Principal component analysis of eight celery samples harvested in 2018 showing correlations with volatile compounds and sensory attributes. (A) Projection of the samples; (B) Distribution of variables; (C) Compound codes as they appear in plot (B).
Figure 2.
Principal component analysis of eight celery samples harvested in 2018 showing correlations with volatile compounds and sensory attributes. (A) Projection of the samples; (B) Distribution of variables; (C) Compound codes as they appear in plot (B).
Figure 3.
Principal component analysis of eight celery samples harvested in 2020 showing correlations with volatile compounds and sensory attributes. (A) Projection of the samples; (B) Distribution of the variables; (C) Compound codes as they appear in plot (B).
Figure 3.
Principal component analysis of eight celery samples harvested in 2020 showing correlations with volatile compounds and sensory attributes. (A) Projection of the samples; (B) Distribution of the variables; (C) Compound codes as they appear in plot (B).

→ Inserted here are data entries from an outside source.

lemma sum_from_sphere:
  assumes s: "0 < (\<Sum>j<k. \<bar>h j\<bar>)"
  shows "(\<Sum>j<k. from_sphere k h (pos j) + from_sphere k h (neg j)) = 1"
proof -
  have "(\<Sum>j<k. from_sphere k h (pos j) + from_sphere k h (neg j))
          = (\<Sum>j<k. \<bar>h j\<bar> / (\<Sum>j<k. \<bar>h j\<bar>))"
    by (intro sum.cong) (auto simp: from_sphere_pos from_sphere_neg add_divide_distrib[symmetric])
  also have "\<dots> = 1" using s by (simp add: sum_divide_distrib[symmetric])
  finally show ?thesis .
qed

lemma from_sphere_in_boundary:
  assumes "0 < (\<Sum>j<k. \<bar>h j\<bar>)"
  shows "from_sphere k h \<in> boundary k"
proof -
  have nonneg: "0 \<le> from_sphere k h x" for x
    using assms by (simp add: from_sphere_def)
  have outside: "from_sphere k h x = 0" if "x \<notin> vertices k" for x
    using that by (simp add: from_sphere_def vertices_def)
  have exclusive: "from_sphere k h (pos j) = 0 \<or> from_sphere k h (neg j) = 0" for j
  proof (cases "j < k")
    case True
    then show ?thesis by (simp add: from_sphere_pos from_sphere_neg max_def)
  next
    case False
    then have "pos j \<notin> vertices k"
      using inj_pos by (auto simp: vertices_def pos_neq_neg inj_eq)
    then show ?thesis using outside by blast
  qed
  show ?thesis
    unfolding boundary_def mem_Collect_eq
    using sum_from_sphere[OF assms] nonneg outside exclusive by (intro conjI allI impI) auto
qed

lemma boundary_eq_max_diff:
  assumes "f \<in> boundary k"
  shows "f (pos j) = max (f (pos j) - f (neg j)) 0" and "f (neg j) = max (f (neg j) - f (pos j)) 0"
proof -
  have "f (pos j) = 0 \<or> f (neg j) = 0" "0 \<le> f (pos j)" "0 \<le> f (neg j)"
    using assms by (auto simp: boundary_def)
  then show "f (pos j) = max (f (pos j) - f (neg j)) 0" "f (neg j) = max (f (neg j) - f (pos j)) 0"
    by auto
qed

lemma from_to_sphere:
  assumes f: "f \<in> boundary k"
  shows "from_sphere k (to_sphere k f) = f"
proof
  fix x
  define c where "c = sqrt (\<Sum>j<k. (f (pos j) - f (neg j))^2)"
  have c: "0 < c" using boundary_sum_square_diff_pos[OF f] by (simp add: c_def)
  have to_eq: "to_sphere k f j = (f (pos j) - f (neg j)) / c" if "j < k" for j
    using that by (simp add: to_sphere_def c_def)
  have "(\<Sum>j<k. \<bar>to_sphere k f j\<bar>) = (\<Sum>j<k. \<bar>f (pos j) - f (neg j)\<bar>) / c"
    using c by (simp add: to_eq sum_divide_distrib)
  then have norm: "(\<Sum>j<k. \<bar>to_sphere k f j\<bar>) = 1 / c"
    by (simp add: boundary_sum_abs_diff[OF f])
  have rescale: "max (a / c) 0 * c = max a 0" for a
    using c by (auto simp: max_def divide_le_0_iff)
  consider j where "j < k" "x = pos j" | j where "j < k" "x = neg j" | "x \<notin> vertices k"
    unfolding vertices_def by blast
  then show "from_sphere k (to_sphere k f) x = f x"
  proof cases
    case 1
    then have "from_sphere k (to_sphere k f) x = max (to_sphere k f j) 0 * c"
      by (simp add: from_sphere_pos norm)
    then show ?thesis
      using 1 boundary_eq_max_diff(1)[OF f, of j] by (simp add: to_eq rescale)
  next
    case 2
    then have "from_sphere k (to_sphere k f) x = max (- to_sphere k f j) 0 * c"
      by (simp add: from_sphere_neg norm)
    then show ?thesis
      using 2 boundary_eq_max_diff(2)[OF f, of j] rescale[of "f (neg j) - f (pos j)"]
      by (simp add: to_eq minus_divide_left)
  next
    case 3
    then show ?thesis
      using f by (simp add: from_sphere_def vertices_def boundary_def)
  qed
qed

lemma to_from_sphere:
  assumes unit: "(\<Sum>j<k. h j ^ 2) = 1" and vanish: "\<And>i. k \<le> i \<Longrightarrow> h i = 0"
  shows "to_sphere k (from_sphere k h) = h"
proof
  fix i
  define s where "s = (\<Sum>j<k. \<bar>h j\<bar>)"
  have s: "0 < s" using sum_abs_pos_of_sum_square_eq_1[OF unit] by (simp add: s_def)
  have diff: "from_sphere k h (pos j) - from_sphere k h (neg j) = h j / s" if "j < k" for j
    using that
    by (simp add: from_sphere_pos from_sphere_neg s_def[symmetric] diff_divide_distrib[symmetric] max_def)
  have "(\<Sum>j<k. (from_sphere k h (pos j) - from_sphere k h (neg j))^2)
          = (\<Sum>j<k. h j ^ 2) / s^2"
    by (simp add: diff power_divide sum_divide_distrib)
  then have "sqrt (\<Sum>j<k. (from_sphere k h (pos j) - from_sphere k h (neg j))^2) = 1 / s"
    using s by (simp add: unit real_sqrt_divide)
  then show "to_sphere k (from_sphere k h) i = h i"
    using s vanish by (auto simp: to_sphere_def diff)
qed

lemma continuous_map_to_sphere:
  "continuous_map (subtopology (powertop_real UNIV) (boundary k)) (powertop_real UNIV) (to_sphere k)"
  unfolding continuous_map_componentwise_UNIV to_sphere_def
  by (auto intro!: continuous_intros) (fastforce dest: boundary_sum_square_diff_pos)

lemma continuous_map_from_sphere:
  "continuous_map (subtopology (powertop_real UNIV) {h. (\<Sum>j<k. h j ^ 2) = 1}) (powertop_real UNIV)
     (from_sphere k)"
  unfolding continuous_map_componentwise_UNIV from_sphere_def
  by (auto intro!: continuous_intros) (fastforce dest: sum_abs_pos_of_sum_square_eq_1)

theorem homeomorphic_boundary_nsphere:
  "subtopology (powertop_real UNIV) (boundary (Suc d)) homeomorphic_space nsphere d"
proof -
  have cont_to:
    "continuous_map (subtopology (powertop_real UNIV) (boundary (Suc d))) (nsphere d) (to_sphere (Suc d))"
    using continuous_map_to_sphere to_sphere_in_nsphere
    by (auto simp: nsphere continuous_map_in_subtopology)
  have "continuous_map (nsphere d) (powertop_real UNIV) (from_sphere (Suc d))"
    using continuous_map_from_sphere unfolding nsphere
    by (rule continuous_map_from_subtopology_mono) (auto simp: lessThan_Suc_atMost)
  then have cont_from:
    "continuous_map (nsphere d) (subtopology (powertop_real UNIV) (boundary (Suc d))) (from_sphere (Suc d))"
    using from_sphere_in_boundary sum_abs_pos_of_sum_square_eq_1
    by (auto simp: continuous_map_in_subtopology topspace_nsphere_iff simp del: sum.lessThan_Suc)
  show ?thesis
    unfolding homeomorphic_space_def homeomorphic_maps_def
    using cont_to cont_from from_to_sphere to_from_sphere
    by (intro exI[of _ "to_sphere (Suc d)"] exI[of _ "from_sphere (Suc d)"])
      (auto simp: topspace_nsphere_iff)
qed

end

lemma cong22_imp_deg_parity:
  "cong22 x y \<Longrightarrow> fst x + snd x = fst y + snd y \<and> (odd (fst x) \<longleftrightarrow> odd (fst y))"
  by (induction rule: cong22.induct) auto

lemma cong22_shift: "cong22 (m + 2 * j, n) (m, n + 2 * j)"
proof (induction j arbitrary: m)
  case 0
  show ?case by (simp add: cong22.refl)
next
  case (Suc j)
  have "cong22 (m + 2 + 2 * j, n) (m + 2, n + 2 * j)" using Suc.IH[of "m + 2"] by simp
  moreover have "cong22 (m + 2, n + 2 * j) (m, n + 2 * j + 2)" by (rule cong22.gen)
  ultimately show ?case by (auto intro: cong22.trans simp: algebra_simps)
qed

lemma cong22_iff: "cong22 (m, n) (m', n') \<longleftrightarrow> m + n = m' + n' \<and> (odd m \<longleftrightarrow> odd m')"
proof
  assume "cong22 (m, n) (m', n')"
  then show "m + n = m' + n' \<and> (odd m \<longleftrightarrow> odd m')" using cong22_imp_deg_parity by fastforce
next
  assume h: "m + n = m' + n' \<and> (odd m \<longleftrightarrow> odd m')"
  have shift: "cong22 (m, n) (m', n')" if "m' \<le> m" "m + n = m' + n'" "odd m \<longleftrightarrow> odd m'" for m n m' n'
  proof -
    have "\<exists>j. m = m' + 2 * j" using that by presburger
    then obtain j where "m = m' + 2 * j" ..
    then show ?thesis using that cong22_shift[of m' j n] by (simp add: add.commute)
  qed
  show "cong22 (m, n) (m', n')"
    using shift[of m' m n n'] shift[of m m' n' n] h by (cases "m' \<le> m") (auto intro: cong22.sym)
qed

lift_definition deg22 :: "lam22 \<Rightarrow> nat" is "\<lambda>x. fst x + snd x"
  using cong22_imp_deg_parity by blast

lift_definition odd22 :: "lam22 \<Rightarrow> bool" is "\<lambda>x. odd (fst x)"
  using cong22_imp_deg_parity by blast

lemma lam22_gen22_cases: obtains m n where "x = gen22 m n"
  by transfer (metis cong22.refl prod.collapse)

lemma deg22_gen22 [simp]: "deg22 (gen22 m n) = m + n"
  by transfer simp

lemma odd22_gen22 [simp]: "odd22 (gen22 m n) = odd m"
  by transfer simp

lemma gen22_eq_iff: "gen22 m n = gen22 m' n' \<longleftrightarrow> m + n = m' + n' \<and> (odd m \<longleftrightarrow> odd m')"
  by transfer (simp add: cong22_iff)

lemma lam22_eq_iff: "x = y \<longleftrightarrow> deg22 x = deg22 y \<and> odd22 x = odd22 y"
  by (cases x rule: lam22_gen22_cases, cases y rule: lam22_gen22_cases) (auto simp: gen22_eq_iff)

lemma add22_gen22: "add22 (gen22 m n) (gen22 p q) = gen22 (m + p) (n + q)"
  by transfer (simp add: cong22.refl)

lemma deg22_zero22 [simp]: "deg22 zero22 = 0"
  by (simp add: zero22_def)

lemma deg22_eq_0_iff: "deg22 x = 0 \<longleftrightarrow> x = zero22"
  by (cases x rule: lam22_gen22_cases) (auto simp: zero22_def gen22_eq_iff)

lemma le22_iff_deg: "le22 x y \<longleftrightarrow> deg22 x < deg22 y \<or> x = y"
proof
  assume "le22 x y"
  then obtain z where z: "add22 x z = y" by (auto simp: le22_def)
  obtain m n where x: "x = gen22 m n" by (rule lam22_gen22_cases)
  obtain p q where "z = gen22 p q" by (rule lam22_gen22_cases)
  with x z have "y = gen22 (m + p) (n + q)" by (simp add: add22_gen22)
  with x show "deg22 x < deg22 y \<or> x = y" by (cases "p + q = 0") auto
next
  assume h: "deg22 x < deg22 y \<or> x = y"
  obtain m n where x: "x = gen22 m n" by (rule lam22_gen22_cases)
  obtain m' n' where y: "y = gen22 m' n'" by (rule lam22_gen22_cases)
  define p where "p = (if odd m = odd m' then 0 else 1::nat)"
  have "add22 x (gen22 0 0) = x" using x by (simp add: add22_gen22)
  moreover have "add22 x (gen22 p (m' + n' - m - n - p)) = y" if "m + n < m' + n'"
    using that unfolding x y add22_gen22 gen22_eq_iff p_def by auto
  ultimately show "le22 x y" using h x y by (auto simp: le22_def)
qed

Overall, it seems that the majority of monoterpenes were negatively correlated with the first principal component (F1) and compounds belonging to classes such as alcohols, sesquiterpenes and phthalides were positively associated with F1 along with the majority of the flavour attributes. Samples harvested in 2018 exhibited a lower proportion of monoterpenes but a higher proportion of alcohols and aldehydes, thus, explaining the low association with many of the flavour and aroma attributes from the sensory analysis.

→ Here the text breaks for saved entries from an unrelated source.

definition li_yau_constant ::
    "('a::finite \<Rightarrow> 'a \<Rightarrow> bool) \<Rightarrow> ('a \<Rightarrow> 'a \<Rightarrow> real) \<Rightarrow> ('a \<Rightarrow> real) \<Rightarrow> (real \<Rightarrow> real) \<Rightarrow> real" where
  "li_yau_constant E w mu \<psi> =
     D_mu E w mu * (deriv \<psi> 1 * (the_inv_into {0<..} \<psi> (\<psi> 1 * D_w E w) - 1) + \<psi> 1)"

text \<open>Without edges D_mu = 0, so the junk value Sup {} of D_w does not matter.\<close>
lemma li_yau_constant_nonneg:
  fixes \<psi> :: "real \<Rightarrow> real"
  assumes G: "weighted_graph E w mu"
    and diff: "\<forall>s>0. \<psi> differentiable (at s)"
    and pos: "\<forall>s>0. \<psi> s > 0" and dpos: "\<forall>s>0. deriv \<psi> s > 0"
    and img: "\<psi> 1 * D_w E w \<in> \<psi> ` {0<..}"
  shows "0 \<le> li_yau_constant E w mu \<psi>"
proof (cases "\<exists>a b. E a b")
  case True
  then obtain a b where "E a b" by blast
  then have "\<psi> 1 \<le> \<psi> 1 * D_w E w"
    using one_le_D_w[OF G \<open>E a b\<close>] pos[rule_format, of 1] by simp
  then have "1 \<le> the_inv_into {0<..} \<psi> (\<psi> 1 * D_w E w)"
    by (intro le_the_inv_into_strict_mono_on[OF strict_mono_on_deriv_pos[OF diff dpos] img]) simp_all
  then show ?thesis
    unfolding li_yau_constant_def
    using D_mu_nonneg[OF G] pos[rule_format, of 1] dpos[rule_format, of 1] by simp
next
  case False
  then have "\<And>x. deg E w x = 0" by (simp add: deg_def)
  then have "D_mu E w mu = 0" by (simp add: D_mu_def)
  then show ?thesis by (simp add: li_yau_constant_def)
qed
lemma psi_ratio_le_of_lap_psi_nonpos:
  fixes \<psi> :: "real \<Rightarrow> real"
  assumes G: "weighted_graph E w mu" and pos: "\<forall>s>0. \<psi> s > 0"
    and fp: "\<forall>y. f y > 0" and H: "lap_psi E w mu \<psi> f x \<le> 0" and y: "E x y"
  shows "\<psi> (f y / f x) \<le> \<psi> 1 * D_w E w"
proof -
  have fx: "f x / f x = 1" using fp by (simp add: less_imp_neq[symmetric])
  have "(\<Sum>z\<in>{z. E x z}. w x z * (\<psi> (f z / f x) - \<psi> 1)) \<le> 0"
    using H weighted_graph_measure_pos[OF G, of x]
    unfolding lap_psi_def lap_def fx by (simp add: divide_le_0_iff)
  then have sum_le: "(\<Sum>z\<in>{z. E x z}. w x z * \<psi> (f z / f x)) \<le> \<psi> 1 * deg E w x"
    by (simp add: deg_def right_diff_distrib sum_subtractf sum_distrib_left mult.commute)
  have "w x y * \<psi> (f y / f x) \<le> (\<Sum>z\<in>{z. E x z}. w x z * \<psi> (f z / f x))"
    using y pos fp weighted_graph_weight_pos[OF G]
    by (intro member_le_sum) (simp_all add: less_imp_le)
  with sum_le have "\<psi> (f y / f x) \<le> \<psi> 1 * (deg E w x / w x y)"
    using weighted_graph_weight_pos[OF G y] by (simp add: field_simps)
  also have "\<dots> \<le> \<psi> 1 * D_w E w"
    by (rule mult_left_mono[OF le_D_w[of E x y w, OF y]]) (use pos in \<open>simp add: less_imp_le\<close>)
  finally show ?thesis .
qed

lemma psi_bar_le:
  assumes "s \<le> R" "\<psi> s > 0" "deriv \<psi> 1 \<ge> 0"
  shows "psi_bar \<psi> s \<le> deriv \<psi> 1 * (R - 1) + \<psi> 1"
proof -
  have "deriv \<psi> 1 * (s - 1) \<le> deriv \<psi> 1 * (R - 1)" using assms by (simp add: mult_left_mono)
  then show ?thesis unfolding psi_bar_def using assms(2) by linarith
qed

lemma Gamma_psi_eq_sum:
  assumes "f x \<noteq> 0"
  shows "Gamma_psi E w mu \<psi> f x = (1 / mu x) * (\<Sum>y\<in>{y. E x y}. w x y * psi_bar \<psi> (f y / f x))"
  using assms by (simp add: Gamma_psi_def lap_psi_def lap_def psi_bar_def)

lemma Gamma_psi_le_li_yau_constant:
  fixes \<psi> :: "real \<Rightarrow> real"
  assumes G: "weighted_graph E w mu"
    and diff: "\<forall>s>0. \<psi> differentiable (at s)"
    and pos: "\<forall>s>0. \<psi> s > 0" and dpos: "\<forall>s>0. deriv \<psi> s > 0"
    and img: "\<psi> 1 * D_w E w \<in> \<psi> ` {0<..}"
    and fp: "\<forall>y. f y > 0" and H: "lap_psi E w mu \<psi> f x \<le> 0"
  shows "Gamma_psi E w mu \<psi> f x \<le> li_yau_constant E w mu \<psi>"
proof (cases "\<exists>b. E x b")
  case False
  then have "Gamma_psi E w mu \<psi> f x = 0" by (simp add: Gamma_psi_def lap_psi_def lap_def)
  then show ?thesis using li_yau_constant_nonneg[OF G diff pos dpos img] by simp
next
  case True
  then obtain b where "E x b" by blast
  define R where "R = the_inv_into {0<..} \<psi> (\<psi> 1 * D_w E w)"
  define B where "B = deriv \<psi> 1 * (R - 1) + \<psi> 1"
  have mono: "strict_mono_on {0<..} \<psi>" by (rule strict_mono_on_deriv_pos[OF diff dpos])
  have ratio_le: "f y / f x \<le> R" if "E x y" for y
    unfolding R_def using fp psi_ratio_le_of_lap_psi_nonpos[OF G pos fp H that]
    by (intro le_the_inv_into_strict_mono_on[OF mono img]) simp_all
  have "\<psi> 1 \<le> \<psi> 1 * D_w E w"
    using one_le_D_w[OF G \<open>E x b\<close>] pos[rule_format, of 1] by simp
  then have "1 \<le> R"
    unfolding R_def by (intro le_the_inv_into_strict_mono_on[OF mono img]) simp_all
  then have B0: "0 \<le> B" unfolding B_def using pos dpos by (simp add: less_imp_le)
  have "(\<Sum>y\<in>{y. E x y}. w x y * psi_bar \<psi> (f y / f x)) \<le> (\<Sum>y\<in>{y. E x y}. w x y * B)"
  proof (rule sum_mono)
    fix y assume "y \<in> {y. E x y}"
    then have "E x y" by simp
    have "psi_bar \<psi> (f y / f x) \<le> B"
      unfolding B_def using fp pos dpos ratio_le[OF \<open>E x y\<close>] by (intro psi_bar_le) (simp_all add: less_imp_le)
    then show "w x y * psi_bar \<psi> (f y / f x) \<le> w x y * B"
      using weighted_graph_weight_pos[OF G \<open>E x y\<close>] by simp
  qed
  then have "Gamma_psi E w mu \<psi> f x \<le> (1 / mu x) * (\<Sum>y\<in>{y. E x y}. w x y * B)"
    unfolding Gamma_psi_eq_sum[of f x, OF less_imp_neq[OF fp[rule_format, of x], symmetric]]
    using weighted_graph_measure_pos[OF G, of x] by (simp add: divide_right_mono)
  also have "\<dots> = (deg E w x / mu x) * B" by (simp add: deg_def sum_distrib_right)
  also have "\<dots> \<le> D_mu E w mu * B" by (rule mult_right_mono[OF le_D_mu B0])
  finally show ?thesis unfolding li_yau_constant_def B_def R_def .
qed

lemma Gamma_psi_eq_lap:
  assumes "f x \<noteq> 0" "mu x \<noteq> 0"
  shows "Gamma_psi E w mu \<psi> f x = deriv \<psi> 1 * lap E w mu f x / f x - lap_psi E w mu \<psi> f x"
proof -
  have split: "w x y * (psi_bar \<psi> (f y / f x) - psi_bar \<psi> (f x / f x))
     = (deriv \<psi> 1 / f x) * (w x y * (f y - f x)) - w x y * (\<psi> (f y / f x) - \<psi> (f x / f x))"
    for y using assms by (simp add: psi_bar_def field_simps)
  show ?thesis
    unfolding Gamma_psi_def lap_psi_def lap_def split sum_subtractf sum_distrib_left[symmetric]
    using assms by (simp add: field_simps)
qed

lemma lap_mult_ge_of_min:
  assumes G: "weighted_graph E w mu" and fp: "\<forall>y. f y > 0" and hmin: "\<forall>y. h x \<le> h y"
  shows "h x * lap E w mu f x \<le> lap E w mu (\<lambda>y. f y * h y) x"
proof -
  have split: "w x y * (f y * h y - f x * h x) = w x y * f y * (h y - h x) + h x * (w x y * (f y - f x))"
    for y by (simp add: algebra_simps)
  have "lap E w mu (\<lambda>y. f y * h y) x
      = (1 / mu x) * (\<Sum>y\<in>{y. E x y}. w x y * f y * (h y - h x)) + h x * lap E w mu f x"
    unfolding lap_def split sum.distrib sum_distrib_left[symmetric] by (simp add: algebra_simps)
  moreover have "0 \<le> (\<Sum>y\<in>{y. E x y}. w x y * f y * (h y - h x))"
    using fp hmin weighted_graph_weight_pos[OF G] by (intro sum_nonneg) (simp add: less_imp_le)
  ultimately show ?thesis using weighted_graph_measure_pos[OF G, of x] by simp
qed

lemma Gamma2_psi_le_Omega_psi_of_min:
  assumes G: "weighted_graph E w mu" and fp: "\<forall>y. f y > 0"
    and hmin: "\<forall>y. lap_psi E w mu \<psi> f x \<le> lap_psi E w mu \<psi> f y"
  shows "2 * Gamma2_psi E w mu \<psi> f x \<le> Omega_psi E w mu \<psi> f x"
proof -
  have "lap E w mu f x * lap_psi E w mu \<psi> f x \<le> lap E w mu (\<lambda>y. f y * lap_psi E w mu \<psi> f y) x"
    using lap_mult_ge_of_min[OF G fp hmin] by (simp add: mult.commute)
  then have "lap E w mu f x * lap_psi E w mu \<psi> f x / f x
      \<le> lap E w mu (\<lambda>y. f y * lap_psi E w mu \<psi> f y) x / f x"
    using fp by (simp add: divide_right_mono less_imp_le)
  then show ?thesis unfolding Gamma2_psi_def by simp
qed

lemma lap_psi_sq_le_Omega_psi_of_min:
  fixes \<psi> :: "real \<Rightarrow> real"
  assumes G: "weighted_graph E w mu" and K: "K \<ge> 0" and CD: "CD_psi E w mu \<psi> n (- K)"
    and diff: "\<forall>s>0. \<psi> differentiable (at s)"
    and pos: "\<forall>s>0. \<psi> s > 0" and dpos: "\<forall>s>0. deriv \<psi> s > 0"
    and img: "\<psi> 1 * D_w E w \<in> \<psi> ` {0<..}"
    and fp: "\<forall>y. f y > 0" and H: "lap_psi E w mu \<psi> f x \<le> 0"
    and hmin: "\<forall>y. lap_psi E w mu \<psi> f x \<le> lap_psi E w mu \<psi> f y"
  shows "(1 / n) * (lap_psi E w mu \<psi> f x)\<^sup>2 - K * li_yau_constant E w mu \<psi>
           \<le> Omega_psi E w mu \<psi> f x / 2"
proof -
  have "(1 / n) * (lap_psi E w mu \<psi> f x)\<^sup>2 - K * Gamma_psi E w mu \<psi> f x \<le> Gamma2_psi E w mu \<psi> f x"
    using CD fp unfolding CD_psi_def by simp
  moreover have "K * Gamma_psi E w mu \<psi> f x \<le> K * li_yau_constant E w mu \<psi>"
    using Gamma_psi_le_li_yau_constant[OF G diff pos dpos img fp H] K by (rule mult_left_mono)
  ultimately show ?thesis using Gamma2_psi_le_Omega_psi_of_min[OF G fp hmin] by linarith
qed

lemma has_real_derivative_comp_quotient:
  fixes \<psi> g h :: "real \<Rightarrow> real"
  assumes g: "(g has_real_derivative g') (at t within S)" and h: "(h has_real_derivative h') (at t within S)"
    and nz: "g t \<noteq> 0" "h t \<noteq> 0" and diff: "\<psi> differentiable (at (g t / h t))"
  shows "((\<lambda>s. \<psi> (g s / h s)) has_real_derivative
           deriv \<psi> (g t / h t) * (g t / h t) * (g' / g t - h' / h t)) (at t within S)"
proof -
  have "((\<lambda>s. \<psi> (g s / h s)) has_real_derivative
      deriv \<psi> (g t / h t) * ((g' * h t - g t * h') / (h t * h t))) (at t within S)"
    using DERIV_chain2[OF diff[unfolded DERIV_deriv_iff_real_differentiable[symmetric]]
        DERIV_divide[OF g h nz(2)]] .
  moreover have "(g' * h t - g t * h') / (h t * h t) = (g t / h t) * (g' / g t - h' / h t)"
    using nz by (simp add: field_simps)
  ultimately show ?thesis by (simp add: mult.assoc)
qed

lemma has_real_derivative_lap:
  assumes "\<And>y. ((\<lambda>s. F s y) has_real_derivative F' y) (at t within S)"
  shows "((\<lambda>s. lap E w mu (F s) x) has_real_derivative lap E w mu F' x) (at t within S)"
  unfolding lap_def by (intro DERIV_cmult DERIV_sum DERIV_diff assms)

lemma lap_psi_heat_has_derivative:
  fixes \<psi> :: "real \<Rightarrow> real"
  assumes heat: "heat_solution E w mu u" and diff: "\<forall>s>0. \<psi> differentiable (at s)"
    and t: "t \<ge> 0"
  shows "((\<lambda>s. lap_psi E w mu \<psi> (\<lambda>y. u y s) x) has_real_derivative
            Omega_psi E w mu \<psi> (\<lambda>y. u y t) x) (at t within {0..})"
proof -
  have up: "u y t > 0" for y using heat t by (simp add: heat_solution_def)
  have ud: "((\<lambda>s. u y s) has_real_derivative lap E w mu (\<lambda>z. u z t) y) (at t within {0..})" for y
    using heat t by (simp add: heat_solution_def)
  have ratio: "((\<lambda>s. \<psi> (u y s / u x s)) has_real_derivative
      deriv \<psi> (u y t / u x t) * (u y t / u x t) *
        (lap E w mu (\<lambda>z. u z t) y / u y t - lap E w mu (\<lambda>z. u z t) x / u x t))
      (at t within {0..})" for y
    using up diff by (intro has_real_derivative_comp_quotient[OF ud ud]) (simp_all add: less_imp_neq[symmetric])
  show ?thesis
    unfolding lap_psi_def Omega_psi_def by (rule has_real_derivative_lap[OF ratio])
qed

In 2020, principal component one (F1) and two (F2) explained 65.96% of the total variation present and it can be observed that the first axis separates genotypes 5, 8, 10, 15 and 22, whereas the second axis separates genotypes 12, 18 and 25. According to the data presented in Figure 3, the genotype appears to express a weaker influence over the volatile composition than in 2018, which explains 20.31% of the variation present within the data. Differences in the volatile composition for the celery samples harvested in 2020 resulted in differences in the flavour perception. Compared to 2018 where genotypes 12, 18 and 25 were reported as the most distinctive, genotypes 5, 10, 12, 18, 22 and 25 became more distinguished from the remainder genotypes and displayed close associations with individual attributes. “Fresh fennel” was shown to be closely associated with genotype 18 in 2018, but became more strongly associated with genotypes 5 and 22 in 2020. In 2020, “fresh coriander”, “parsley” and “grass green” positively correlated with F1 were associated with genotypes 8, 10, 12, 15 and 18, while the “fresh fennel” odour and flavour attributes in the top left quadrant (Figure 3) were associated with genotypes 5 and 22. The cucumber flavour remained in a similar position for both years, showing a close association to genotype 25. The most consistent genotype out of the eight was genotype 25 in terms of sensory and volatile profile; in both harvests, it appeared to be the least aromatic reflected by its close association to the cucumber flavour. Celery samples harvested in 2020 exhibited a higher proportion of monoterpenes which contribute to the herbal sensory attributes. Within the correlation matrix, fresh fennel exhibited many positive correlations with compounds that contribute to warm, herbal, sweet and spearmint odours such as (E)-dihydrocarvone (M20), L-carvone (M24), (E)-β-caryophyllene (S3) and α-humulene (S7) as well as sedanenolide (P4) and (cis)-ligustilide (P6). Afifi, El-Mahis, Heiss and Farag [42] classified 12 fennel varieties based on their aroma profile and similarities can be observed when comparing the monoterpene profile of celery in this study with the aroma profiles of the fresh fennel used by Afifi et al. [42].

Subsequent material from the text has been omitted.